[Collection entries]
■ ■ ■

(* Let $h,p,K>0$ and define $H(x)=h\max(x,0)+p\max(-x,0)$ and $\delta(u)=1$ if $u>0$, $\delta(u)=0$ if $u=0$. Fix an initial inventory level $x_0\in\mathbb{R}$, a horizon $N\ge1$ and a demand sample path $\omega=(d_1,\dots,d_N)$ of nonnegative demands. For order quantities $u_1\ge 0$ define \[J_N(u_1,\omega)=H(x_1)+K\delta(u_1)+\min_{u_2,\dots,u_N\ge 0}\sum_{i=2}^N\big(H(x_i)+K\delta(u_i)\big),\] where $x_i=x_{i-1}-d_i+u_i$ for $i=1,\dots,N$. Then $J_N(u_1,\omega)$ is $K$-convex in $u_1$ on $u_1>0$, i.e. for all $0<u_1<u_1'<u_1''$, \[K+J_N(u_1'',\omega)\ge J_N(u_1',\omega)+\frac{u_1''-u_1'}{u_1'-u_1}\big(J_N(u_1',\omega)-J_N(u_1,\omega)\big).\]
   Context: This is a periodic-review inventory model with fixed setup cost $K$ per order, holding cost rate $h$, backlog penalty rate $p$, full backlogging; $x_i$ is the inventory level at the end of period $i$, $u_i$ the order quantity placed at the beginning of period $i$, $d_i$ the demand in period $i$. *)

theory Defs
  imports Complex_Main
begin

definition Hcost :: "real \<Rightarrow> real \<Rightarrow> real \<Rightarrow> real" where
  "Hcost h p x = h * max x 0 + p * max (- x) 0"

definition delta :: "real \<Rightarrow> real" where
  "delta u = (if u > 0 then 1 else 0)"

primrec traj :: "real \<Rightarrow> (nat \<Rightarrow> real) \<Rightarrow> (nat \<Rightarrow> real) \<Rightarrow> nat \<Rightarrow> real" where
  "traj x0 d u 0 = x0"
| "traj x0 d u (Suc i) = traj x0 d u i - d (Suc i) + u (Suc i)"

definition JN :: "real \<Rightarrow> real \<Rightarrow> real \<Rightarrow> nat \<Rightarrow> real \<Rightarrow> (nat \<Rightarrow> real) \<Rightarrow> real \<Rightarrow> real" where
  "JN h p K N x0 d u1 =
     Hcost h p (traj x0 d ((\<lambda>_. 0)(1 := u1)) 1) + K * delta u1
     + (INF u \<in> {u :: nat \<Rightarrow> real. \<forall>i. 0 \<le> u i}.
          \<Sum>i = 2..N. Hcost h p (traj x0 d (u(1 := u1)) i) + K * delta (u i))"

end

theory Submission
  imports Defs "HOL-Analysis.Convex"
begin

text \<open>Scarf's argument. Let \<open>V\<^sub>n(x)\<close> be the optimal cost of \<open>n\<close> periods started at
  inventory level \<open>x\<close> and \<open>G\<^sub>n = H + V\<^sub>n\<close> the cost-to-go. Dynamic programming gives
  \<open>V\<^sub>n\<^sub>+\<^sub>1(y) = inf\<^sub>v\<^sub>\<ge>\<^sub>0 K\<delta>(v) + G\<^sub>n(y - d + v)\<close>. K-convexity is preserved by adding
  a convex function such as \<open>H\<close>, by translation, and by the operator
  \<open>G \<mapsto> inf\<^sub>v\<^sub>\<ge>\<^sub>0 K\<delta>(v) + G(\<cdot> + v)\<close>, so every \<open>G\<^sub>n\<close> is K-convex. For \<open>u\<^sub>1 > 0\<close> the
  setup cost is paid in period 1, and \<open>J\<^sub>N(u\<^sub>1) = K + G\<^sub>N\<^sub>-\<^sub>1(x\<^sub>0 - d\<^sub>1 + u\<^sub>1)\<close> is a
  translate of a K-convex function.\<close>

section \<open>K-convex functions\<close>

text \<open>Three-point form of K-convexity; \<open>K_convex_slope\<close> recovers Scarf's slope form.\<close>

definition K_convex :: "real \<Rightarrow> (real \<Rightarrow> real) \<Rightarrow> bool" where
  "K_convex K G \<longleftrightarrow> (\<forall>a b c. a < b \<longrightarrow> b < c \<longrightarrow>
     G b \<le> (c - b) / (c - a) * G a + (b - a) / (c - a) * (K + G c))"

lemma K_convexD:
  "K_convex K G \<Longrightarrow> a < b \<Longrightarrow> b < c \<Longrightarrow>
     G b \<le> (c - b) / (c - a) * G a + (b - a) / (c - a) * (K + G c)"
  unfolding K_convex_def by blast

lemma weight_complement:
  fixes a b c :: real
  assumes "a < c"
  shows "(b - a) / (c - a) = 1 - (c - b) / (c - a)"
  using assms by (simp add: field_simps)

lemma K_convex_slope:
  assumes "K_convex K G" "a < b" "b < c"
  shows "G b + (c - b) / (b - a) * (G b - G a) \<le> K + G c"
proof -
  have "(c - a) * G b \<le> (c - a) * ((c - b) / (c - a) * G a + (b - a) / (c - a) * (K + G c))"
    using K_convexD[OF assms] assms by (intro mult_left_mono) auto
  also have "\<dots> = (c - b) * G a + (b - a) * (K + G c)"
    using assms by (simp add: distrib_left)
  finally have "(c - a) * G b \<le> (c - b) * G a + (b - a) * (K + G c)" .
  then have "(c - b) * (G b - G a) \<le> (b - a) * (K + G c - G b)"
    by (simp add: algebra_simps)
  then show ?thesis
    using assms by (simp add: field_simps)
qed

lemma K_convex_translate:
  assumes "K_convex K G"
  shows "K_convex K (\<lambda>x. G (x + t))"
  unfolding K_convex_def
proof (intro allI impI)
  fix a b c :: real
  assume "a < b" "b < c"
  then have "G (b + t) \<le> ((c + t) - (b + t)) / ((c + t) - (a + t)) * G (a + t)
      + ((b + t) - (a + t)) / ((c + t) - (a + t)) * (K + G (c + t))"
    by (intro K_convexD[OF assms]) auto
  then show "G (b + t) \<le> (c - b) / (c - a) * G (a + t) + (b - a) / (c - a) * (K + G (c + t))"
    by simp
qed

lemma convex_on_three_points:
  fixes f :: "real \<Rightarrow> real"
  assumes "convex_on UNIV f" "a < b" "b < c"
  shows "f b \<le> (c - b) / (c - a) * f a + (b - a) / (c - a) * f c"
proof -
  have "convex_on {a..c} f"
    using assms(1) by (rule convex_on_subset) auto
  then have "f b \<le> (f c - f a) / (c - a) * (b - a) + f a"
    using assms by (intro convex_onD_Icc') auto
  also have "\<dots> = (c - b) / (c - a) * f a + (b - a) / (c - a) * f c"
    using assms by (simp add: divide_simps) (simp add: algebra_simps)
  finally show ?thesis .
qed

lemma K_convex_add_convex:
  assumes "convex_on UNIV f" "K_convex K G"
  shows "K_convex K (\<lambda>x. f x + G x)"
  unfolding K_convex_def
proof (intro allI impI)
  fix a b c :: real
  assume "a < b" "b < c"
  with assms have "f b + G b \<le> ((c - b) / (c - a) * f a + (b - a) / (c - a) * f c)
      + ((c - b) / (c - a) * G a + (b - a) / (c - a) * (K + G c))"
    by (intro add_mono convex_on_three_points K_convexD)
  then show "f b + G b \<le> (c - b) / (c - a) * (f a + G a) + (b - a) / (c - a) * (K + (f c + G c))"
    by (simp add: distrib_left)
qed

lemma convex_imp_K_convex:
  assumes "convex_on UNIV f" "0 \<le> K"
  shows "K_convex K f"
proof -
  have "K_convex K (\<lambda>_. 0)"
    using assms(2) by (auto simp: K_convex_def)
  from K_convex_add_convex[OF assms(1) this] show ?thesis
    by simp
qed

lemma convex_on_max:
  assumes "convex_on S f" "convex_on S g"
  shows "convex_on S (\<lambda>x. max (f x) (g x))"
  unfolding convex_on_def
proof (intro conjI ballI allI impI)
  show "convex S"
    using assms(1) by (rule convex_on_imp_convex)
  fix x y and u v :: real
  assume "x \<in> S" "y \<in> S" "0 \<le> u" "0 \<le> v" "u + v = 1"
  then have "f (u *\<^sub>R x + v *\<^sub>R y) \<le> u * f x + v * f y"
    and "g (u *\<^sub>R x + v *\<^sub>R y) \<le> u * g x + v * g y"
    using assms by (auto simp: convex_on_def)
  moreover have "u * f x + v * f y \<le> u * max (f x) (g x) + v * max (f y) (g y)"
    and "u * g x + v * g y \<le> u * max (f x) (g x) + v * max (f y) (g y)"
    using \<open>0 \<le> u\<close> \<open>0 \<le> v\<close> by (intro add_mono mult_left_mono; simp)+
  ultimately show "max (f (u *\<^sub>R x + v *\<^sub>R y)) (g (u *\<^sub>R x + v *\<^sub>R y))
      \<le> u * max (f x) (g x) + v * max (f y) (g y)"
    by linarith
qed

lemma convex_Hcost:
  assumes "0 \<le> h" "0 \<le> p"
  shows "convex_on UNIV (Hcost h p)"
proof -
  have "convex_on UNIV (\<lambda>x::real. - x)"
    by (simp add: convex_on_iff_concave concave_on_ident)
  then have "convex_on UNIV (\<lambda>x. h * max x 0 + p * max (- x) 0)"
    using assms by (intro convex_on_add convex_on_cmul convex_on_max)
      (auto simp: convex_on_ident convex_on_const)
  then show ?thesis
    by (simp add: Hcost_def[abs_def])
qed

section \<open>The ordering operator\<close>

definition optimal_order_cost :: "real \<Rightarrow> (real \<Rightarrow> real) \<Rightarrow> real \<Rightarrow> real" where
  "optimal_order_cost K G y = (INF v\<in>{0..}. K * delta v + G (y + v))"

lemma delta_nonneg: "0 \<le> delta u"
  by (simp add: delta_def)

lemma delta_le_1: "delta u \<le> 1"
  by (simp add: delta_def)

lemma optimal_order_cost_le:
  assumes "0 \<le> K" "bdd_below (range G)" "0 \<le> v"
  shows "optimal_order_cost K G y \<le> K * delta v + G (y + v)"
proof -
  obtain m where "\<And>x. m \<le> G x"
    using assms(2) by (auto simp: bdd_below_def)
  then have "bdd_below ((\<lambda>v. K * delta v + G (y + v)) ` {0..})"
    using assms(1) delta_nonneg by (intro bdd_belowI[of _ m]) (auto intro!: add_increasing)
  then show ?thesis
    unfolding optimal_order_cost_def using assms(3) by (auto intro: cINF_lower)
qed

lemma optimal_order_cost_le_self:
  assumes "0 \<le> K" "bdd_below (range G)"
  shows "optimal_order_cost K G y \<le> G y"
  using optimal_order_cost_le[OF assms, of 0 y] by (simp add: delta_def)

lemma optimal_order_cost_le_order_up_to:
  assumes "0 \<le> K" "bdd_below (range G)" "y \<le> t"
  shows "optimal_order_cost K G y \<le> K + G t"
proof -
  have "optimal_order_cost K G y \<le> K * delta (t - y) + G t"
    using optimal_order_cost_le[OF assms(1,2), of "t - y" y] assms(3) by simp
  also have "\<dots> \<le> K + G t"
    using assms(1) delta_le_1 by (simp add: mult_left_le)
  finally show ?thesis .
qed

■ ■ ■

● TASK INSTRUCTIONS: Find how many lines in the data above include the string "lambda", and give that number alone.

● TASK SOLUTION: 8